2012-12-15 08:27:23 PM  
Because Jesus Christ, how long can you stretch this story out?
 
2012-12-15 08:48:24 PM  
So was all the shiat that CS Lewis wrote. So what? The question is whether it's a good story or not.

And let's face it, Tolkein was a pretty boring storyteller.
 
2012-12-15 08:58:58 PM  
I'd follow Gandalf or Aslan over most of the bible.

They kick ass and are intelligently designed.
 
2012-12-15 09:00:08 PM  

Lsherm: Tolkein was a staunch Catholic, but he wasn't particularly overt in his books. Well, as long as you don't count all the goddamn singing his characters do.


I don't view them as religious stories, except in that Tolkien's religion would have informed his world view and his sense of what is right and what is wrong. Frodo and Bilbo are not allegorical Jesuses (Jesii?) they're more along the lines of Joseph Campbell's hero with a thousand faces.
 
2012-12-15 09:02:43 PM  

AverageAmericanGuy: And let's face it, Tolkein was a pretty boring storyteller.


I tried reading The Hobbit in middle school. I didn't get very far before I was bored out of my skull. I preferred Stephen King and Michael Crichton over Tolkein.
 
2012-12-15 09:09:12 PM  

antidisestablishmentarianism: AverageAmericanGuy: And let's face it, Tolkein was a pretty boring storyteller.

I tried reading The Hobbit in middle school. I didn't get very far before I was bored out of my skull. I preferred Stephen King and Michael Crichton over Tolkein.


Try Bored of The Rings

/much more entertaining
//Tolkein bored me sh*tless, too
 
2012-12-15 09:14:04 PM  

MaudlinMutantMollusk:
Try Bored of The Rings

/much more entertaining



I got a copy of that from Bogey's Books in Davis, but I'll be damned if I can remember what happened to it.
 
2012-12-15 09:25:44 PM  
i1079.photobucket.com
 
2012-12-15 09:26:21 PM  

antidisestablishmentarianism: AverageAmericanGuy: And let's face it, Tolkein was a pretty boring storyteller.

I tried reading The Hobbit in middle school. I didn't get very far before I was bored out of my skull. I preferred Stephen King and Michael Crichton over Tolkein.


What do you think of the Twilight series?
 
2012-12-15 09:27:17 PM  
Pfft! Next thing you'll be trying to tell me The Chronicles of Narnia is some kind of Christian allegory.
 
2012-12-15 09:27:27 PM  
IMO the case for LOTR being a religious morality play is much stronger The Hobbitt grew from a series of bedtime stories Tolkien told his children - while there may have been some nugget of a religious moral to the stories buried here and there it wasn't really meant as such.
 
2012-12-15 09:29:14 PM  
Yes, with all the Norse themes and Celtic imagery, it's easy to see the Christian basis in there.

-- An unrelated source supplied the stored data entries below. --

lemma completely_simple_minimal_right_ideal:
  assumes "completely_simple K"
  obtains R where "right_ideal_in K R" "\<And>R'. right_ideal_in K R' \<Longrightarrow> R' \<subseteq> R \<Longrightarrow> R' = R"
  using assms unfolding completely_simple_def by (elim conjE exE) (simp add: that)

lemma completely_simple_minimal_left_ideal:
  assumes "completely_simple K"
  obtains L where "left_ideal_in K L" "\<And>L'. left_ideal_in K L' \<Longrightarrow> L' \<subseteq> L \<Longrightarrow> L' = L"
  using assms unfolding completely_simple_def by (elim conjE exE) (simp add: that)

lemma completely_simple_mem_right_ideal_below:
  fixes K :: "'a::semigroup_mult set"
  assumes cs: "completely_simple K" and closed: "\<And>x y. x \<in> K \<Longrightarrow> y \<in> K \<Longrightarrow> x * y \<in> K"
    and a: "a \<in> K" and J: "right_ideal_in K J" "J \<subseteq> (\<lambda>t. a * t) ` K"
  shows "a \<in> J"
proof -
  obtain R where R: "right_ideal_in K R" "\<And>R'. right_ideal_in K R' \<Longrightarrow> R' \<subseteq> R \<Longrightarrow> R' = R"
    using completely_simple_minimal_right_ideal[OF cs] by blast
  interpret simple_with_minimal_right_ideal "(*)" K R
  proof
    show "I = K" if "I \<noteq> {}" "I \<subseteq> K" "\<And>x t. x \<in> I \<Longrightarrow> t \<in> K \<Longrightarrow> x * t \<in> I \<and> t * x \<in> I" for I
      by (rule completely_simple_ideal_eq[OF cs]) (use that in blast)+
    show "R' = R" if "R' \<noteq> {}" "R' \<subseteq> R" "\<And>x t. x \<in> R' \<Longrightarrow> t \<in> K \<Longrightarrow> x * t \<in> R'" for R'
      using R(1) that by (intro R(2)) (auto simp: right_ideal_in_def)
  qed (use closed R(1) in \<open>auto simp: right_ideal_in_def\<close>)
  show ?thesis
    using J unfolding right_ideal_in_def by (intro mem_right_ideal_below[OF a]) auto
qed

lemma completely_simple_mem_left_ideal_below:
  fixes K :: "'a::semigroup_mult set"
  assumes cs: "completely_simple K" and closed: "\<And>x y. x \<in> K \<Longrightarrow> y \<in> K \<Longrightarrow> x * y \<in> K"
    and a: "a \<in> K" and J: "left_ideal_in K J" "J \<subseteq> (\<lambda>t. t * a) ` K"
  shows "a \<in> J"
proof -
  obtain L where L: "left_ideal_in K L" "\<And>L'. left_ideal_in K L' \<Longrightarrow> L' \<subseteq> L \<Longrightarrow> L' = L"
    using completely_simple_minimal_left_ideal[OF cs] by blast
  interpret simple_with_minimal_right_ideal "\<lambda>x y. y * x" K L
  proof
    show "I = K" if "I \<noteq> {}" "I \<subseteq> K" "\<And>x t. x \<in> I \<Longrightarrow> t \<in> K \<Longrightarrow> t * x \<in> I \<and> x * t \<in> I" for I
      by (rule completely_simple_ideal_eq[OF cs]) (use that in blast)+
    show "L' = L" if "L' \<noteq> {}" "L' \<subseteq> L" "\<And>x t. x \<in> L' \<Longrightarrow> t \<in> K \<Longrightarrow> t * x \<in> L'" for L'
      using L(1) that by (intro L(2)) (auto simp: left_ideal_in_def)
  qed (use closed L(1) in \<open>auto simp: left_ideal_in_def mult.assoc\<close>)
  show ?thesis
    using J unfolding left_ideal_in_def by (intro mem_right_ideal_below[OF a]) auto
qed

lemma completely_simple_regular:
  fixes K :: "'a::semigroup_mult set"
  assumes cs: "completely_simple K" and closed: "\<And>x y. x \<in> K \<Longrightarrow> y \<in> K \<Longrightarrow> x * y \<in> K"
    and a: "a \<in> K"
  obtains y where "y \<in> K" "a = a * y * a"
proof -
  have "a \<in> (\<lambda>x. a * a * x) ` K"
    using a closed
    by (intro completely_simple_mem_right_ideal_below[OF cs closed a])
      (auto simp: right_ideal_in_def mult.assoc)
  then obtain x where x: "x \<in> K" "a = a * a * x" by blast
  have "a \<in> (\<lambda>y. y * a * a) ` K"
    using a closed
    by (intro completely_simple_mem_left_ideal_below[OF cs closed a])
      (auto simp: left_ideal_in_def simp flip: mult.assoc)
  then obtain y where y: "y \<in> K" "a = y * a * a" by blast
  have "a * y * a = a * (y * a * a) * x"
    using x by (metis mult.assoc)
  also have "\<dots> = a"
    using x y by simp
  finally show thesis
    using that y(1) by simp
qed

lemma R_le_refl: "R_le T x x"
  unfolding R_le_def by simp

lemma R_le_trans:
  assumes closed: "\<And>x y. x \<in> T \<Longrightarrow> y \<in> T \<Longrightarrow> x * y \<in> T"
    and "R_le T x y" "R_le T y z"
  shows "R_le T x z"
  using assms unfolding R_le_def by (metis mult.assoc)

lemma R_le_UNIV_trans: "R_le UNIV x y \<Longrightarrow> R_le UNIV y z \<Longrightarrow> R_le UNIV x z"
  by (rule R_le_trans) simp_all

lemma R_le_mono: "R_le B x y \<Longrightarrow> B \<subseteq> T \<Longrightarrow> R_le T x y"
  unfolding R_le_def by blast

lemma ideal_R_le_mem:
  assumes "ideal_in UNIV K" "R_le UNIV x y" "y \<in> K"
  shows "x \<in> K"
  using assms unfolding ideal_in_def R_le_def by blast

lemma bi_ideal_mult_closed: "bi_ideal B \<Longrightarrow> x \<in> B \<Longrightarrow> y \<in> B \<Longrightarrow> x * y \<in> B"
  unfolding bi_ideal_def by blast

lemma bi_ideal_sandwich: "bi_ideal B \<Longrightarrow> x \<in> B \<Longrightarrow> y \<in> B \<Longrightarrow> x * s * y \<in> B"
  unfolding bi_ideal_def by blast

lemma kernel_R_le_bi_ideal_mult:
  fixes K :: "'a::semigroup_mult set"
  assumes K: "ideal_in UNIV K" "completely_simple K" and B: "bi_ideal B" "b \<in> B" and b: "b \<in> K"
  shows "R_le B b (b * t)"
proof -
  have mult_K: "x * s \<in> K" "s * x \<in> K" if "x \<in> K" for x s
    using K(1) that unfolding ideal_in_def by blast+
  then have closed: "\<And>x y. x \<in> K \<Longrightarrow> y \<in> K \<Longrightarrow> x * y \<in> K" by blast
  have "right_ideal_in K ((\<lambda>w. b * t * b * w) ` K)"
    using b mult_K unfolding right_ideal_in_def by (auto simp: mult.assoc)
  moreover have "(\<lambda>w. b * t * b * w) ` K \<subseteq> (\<lambda>s. b * s) ` K"
    using b mult_K by (auto simp: mult.assoc)
  ultimately have "b \<in> (\<lambda>w. b * t * b * w) ` K"
    using completely_simple_mem_right_ideal_below[OF K(2) closed b] by blast
  then obtain w where "w \<in> K" "b = b * t * b * w" by blast
  moreover obtain y where "y \<in> K" "b = b * y * b"
    using completely_simple_regular[OF K(2) closed b] .
  ultimately have "b = b * t * (b * (w * y) * b)"
    by (metis mult.assoc)
  then show ?thesis
    unfolding R_le_def using bi_ideal_sandwich[OF B B(2)] by blast
qed

lemma R_equiv_bi_ideal_if_kernel:
  assumes "ideal_in UNIV K" "completely_simple K" "bi_ideal B" "x \<in> B"
    and "l \<in> K" "R_le UNIV x l" "R_le B l x"
  shows "R_equiv B x l"
proof -
  have "x \<in> K"
    using ideal_R_le_mem[OF assms(1,6,5)] .
  with assms have "R_le B x (x * t)" for t
    using kernel_R_le_bi_ideal_mult by blast
  with \<open>R_le B l x\<close> have "R_le B x l"
    unfolding R_le_def by blast
  with \<open>R_le B l x\<close> show ?thesis
    unfolding R_equiv_def by blast
qed

lemma R_le_bi_ideal_of_R_le:
  assumes "bi_ideal B" "t \<in> B" "t' \<in> B" "R_le UNIV u (x * t)"
  shows "R_le B (u * t') x"
proof -
  from \<open>R_le UNIV u (x * t)\<close> consider "u = x * t" | s where "u = x * t * s"
    unfolding R_le_def by blast
  then show ?thesis
  proof cases
    case 1
    then show ?thesis
      using bi_ideal_mult_closed[OF assms(1-3)] unfolding R_le_def by (metis mult.assoc)
  next
    case 2
    then show ?thesis
      using bi_ideal_sandwich[OF assms(1-3)] unfolding R_le_def by (metis mult.assoc)
  qed
qed

definition R_chain :: "'a::semigroup_mult set \<Rightarrow> 'a set \<Rightarrow> bool" where
  "R_chain T E \<longleftrightarrow> E \<subseteq> T \<and> (\<forall>x\<in>E. \<forall>y\<in>E. R_le T x y \<or> R_le T y x)
     \<and> (\<forall>x\<in>E. \<forall>y\<in>E. R_equiv T x y \<longrightarrow> x = y)"

lemma R_chain_subset: "R_chain T E \<Longrightarrow> F \<subseteq> E \<Longrightarrow> R_chain T F"
  unfolding R_chain_def by blast

lemma R_chain_least_greatest:
  assumes closed: "\<And>x y. x \<in> T \<Longrightarrow> y \<in> T \<Longrightarrow> x * y \<in> T"
    and "R_chain T E" "finite E" "E \<noteq> {}"
  obtains l g where "l \<in> E" "g \<in> E" "\<forall>x\<in>E. R_le T l x \<and> R_le T x g"
proof -
  have "transp_on E (R_le T)" "totalp_on E (R_le T)"
    using assms(2) R_le_trans[OF closed] unfolding R_chain_def transp_on_def totalp_on_def
    by blast+
  then obtain l g where "l \<in> E" "g \<in> E" "\<forall>x\<in>E. x \<noteq> l \<longrightarrow> R_le T l x" "\<forall>x\<in>E. x \<noteq> g \<longrightarrow> R_le T x g"
    using Finite_Set.bex_least_element Finite_Set.bex_greatest_element assms(3,4) by metis
  then show thesis
    using that R_le_refl by metis
qed

lemma card_R_chain_le_3:
  assumes B: "bi_ideal B" and F: "R_chain B F" "finite F"
    and same_class: "\<And>x y. x \<in> F \<Longrightarrow> y \<in> F \<Longrightarrow> R_le UNIV x y"
  shows "card F \<le> 3"
proof (cases "F = {}")
  case False
  obtain l g where lg: "l \<in> F" "g \<in> F" "\<forall>x\<in>F. R_le B l x \<and> R_le B x g"
    by (rule R_chain_least_greatest[OF bi_ideal_mult_closed[OF B] F False])
  have "R_le B y x" if x: "x \<in> F - {l, g}" and y: "y \<in> F - {l, g}" for x y
  proof -
    obtain t where t: "t \<in> B" "l = x * t"
      using lg(3) x unfolding R_le_def by blast
    obtain t' where t': "t' \<in> B" "y = g * t'"
      using lg(3) y unfolding R_le_def by blast
    have "R_le UNIV g (x * t)"
      using same_class lg(1,2) t(2) by metis
    then show ?thesis
      using R_le_bi_ideal_of_R_le[OF B t(1) t'(1)] t'(2) by simp
  qed
  then have "card (F - {l, g}) \<le> 1"
    using F unfolding R_chain_def R_equiv_def by (auto simp: card_le_Suc0_iff_eq)
  moreover have "F = (F - {l, g}) \<union> {l, g}"
    using lg(1,2) by blast
  then have "card F \<le> card (F - {l, g}) + card {l, g}"
    by (metis card_Un_le)
  moreover have "card {l, g} \<le> 2"
    by (simp add: card_insert_if)
  ultimately show ?thesis
    by linarith
qed simp

lemma card_le_mult_card_image:
  assumes "finite A" "\<And>y. y \<in> f ` A \<Longrightarrow> card {x \<in> A. f x = y} \<le> k"
  shows "card A \<le> k * card (f ` A)"
proof -
  have "card A = card (\<Union>y\<in>f ` A. {x \<in> A. f x = y})"
    by (rule arg_cong[where f = card]) blast
  also have "\<dots> \<le> (\<Sum>y\<in>f ` A. card {x \<in> A. f x = y})"
    using assms(1) by (intro card_UN_le) simp
  also have "\<dots> \<le> card (f ` A) * k"
    using sum_bounded_above[of "f ` A" "\<lambda>y. card {x \<in> A. f x = y}" k] assms(2) by simp
  finally show ?thesis
    by (simp add: mult.commute)
qed

definition R_class :: "'a::semigroup_mult set \<Rightarrow> 'a \<Rightarrow> 'a set" where
  "R_class T x = {y \<in> T. R_equiv T x y}"

lemma R_class_eq_iff:
  assumes closed: "\<And>x y. x \<in> T \<Longrightarrow> y \<in> T \<Longrightarrow> x * y \<in> T" and "x \<in> T" "y \<in> T"
  shows "R_class T x = R_class T y \<longleftrightarrow> R_equiv T x y"
proof
  have "y \<in> R_class T y"
    using assms(3) R_le_refl unfolding R_class_def R_equiv_def by blast
  then show "R_class T x = R_class T y \<Longrightarrow> R_equiv T x y"
    unfolding R_class_def by blast
  show "R_equiv T x y \<Longrightarrow> R_class T x = R_class T y"
    unfolding R_class_def R_equiv_def by (blast intro: R_le_trans[OF closed])
qed

lemma R_class_UNIV_eq_iff: "R_class UNIV x = R_class UNIV y \<longleftrightarrow> R_equiv UNIV x y"
  by (rule R_class_eq_iff) simp_all

lemma card_R_class_image_le_R_height:
  assumes "finite E" "E \<subseteq> T" "\<forall>x\<in>E. \<forall>y\<in>E. R_le T x y \<or> R_le T y x"
  shows "enat (card (R_class T ` E)) \<le> R_height T"
  unfolding R_height_def
proof (rule Sup_upper, intro CollectI exI conjI)
  show "R_class T ` E \<subseteq> R_classes T"
    using assms(2) unfolding R_classes_def R_class_def by blast
  have "x \<in> R_class T x" if "x \<in> E" for x
    using assms(2) that R_le_refl unfolding R_class_def R_equiv_def by blast
  then show "\<forall>X\<in>R_class T ` E. \<forall>Y\<in>R_class T ` E. R_class_le T X Y \<or> R_class_le T Y X"
    using assms(3) unfolding R_class_le_def by blast
qed (use assms(1) in simp_all)

lemma R_chain_of_R_class_chain:
  assumes closed: "\<And>x y. x \<in> T \<Longrightarrow> y \<in> T \<Longrightarrow> x * y \<in> T"
    and C: "C \<subseteq> R_classes T" "finite C" "\<forall>X\<in>C. \<forall>Y\<in>C. R_class_le T X Y \<or> R_class_le T Y X"
  obtains E where "R_chain T E" "finite E" "card E = card C"
proof -
  have "\<forall>X\<in>C. \<exists>x. x \<in> T \<and> X = R_class T x"
    using C(1) unfolding R_classes_def R_class_def by blast
  then obtain rep where rep: "\<And>X. X \<in> C \<Longrightarrow> rep X \<in> T \<and> X = R_class T (rep X)"
    by (metis bchoice)
  have rep_le: "R_le T (rep X) (rep Y)" if X: "X \<in> C" and Y: "Y \<in> C" and XY: "R_class_le T X Y" for X Y
  proof -
    obtain x y where xy: "x \<in> X" "y \<in> Y" "R_le T x y"
      using XY unfolding R_class_le_def by blast
    have "R_le T (rep X) x" "R_le T y (rep Y)"
      using rep[OF X] rep[OF Y] xy(1,2) unfolding R_class_def R_equiv_def by blast+
    then show ?thesis
      using xy(3) R_le_trans[OF closed] by blast
  qed
  have inj: "inj_on rep C"
    by (rule inj_onI) (metis rep)
  have "R_chain T (rep ` C)"
    unfolding R_chain_def
  proof (intro conjI ballI impI)
    show "rep ` C \<subseteq> T"
      using rep by blast
    show "R_le T x y \<or> R_le T y x" if "x \<in> rep ` C" "y \<in> rep ` C" for x y
      using that C(3) rep_le by blast
    show "x = y" if x: "x \<in> rep ` C" and y: "y \<in> rep ` C" and xy: "R_equiv T x y" for x y
    proof -
      obtain X Y where "X \<in> C" "Y \<in> C" "x = rep X" "y = rep Y"
        using x y by blast
      then show ?thesis
        using xy rep R_class_eq_iff[OF closed] by metis
    qed
  qed
  then show thesis
    using that C(2) card_image[OF inj] by blast
qed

....why do people keep trying?
 
2012-12-15 09:32:25 PM  
Only in the sense that Tolkien wrote fiction that reflected his worldview. You can't separate Tolkien's faith from his work because you can't separate his faith from his life. His work is going to reflect that because it was important to him, just like his work reflects his love of nature and his belief that industrialized factories were dehumanizing.
 
2012-12-15 09:34:11 PM  
a professor of English at Asbury University, a Christian liberal arts college near Lexington, Ky

"What a waste of time."
 
2012-12-15 09:35:38 PM  
Jesus.
 
2012-12-15 09:40:47 PM  
I'll join in with the group that says Tolkiens writing was boring. It was, I'm not saying that they weren't interesting just that they did little to hold my interest. And yes, I am a reader of real books
 
2012-12-15 09:42:12 PM  

fusillade762: Pfft! Next thing you'll be trying to tell me The Chronicles of Narnia is some kind of Christian allegory.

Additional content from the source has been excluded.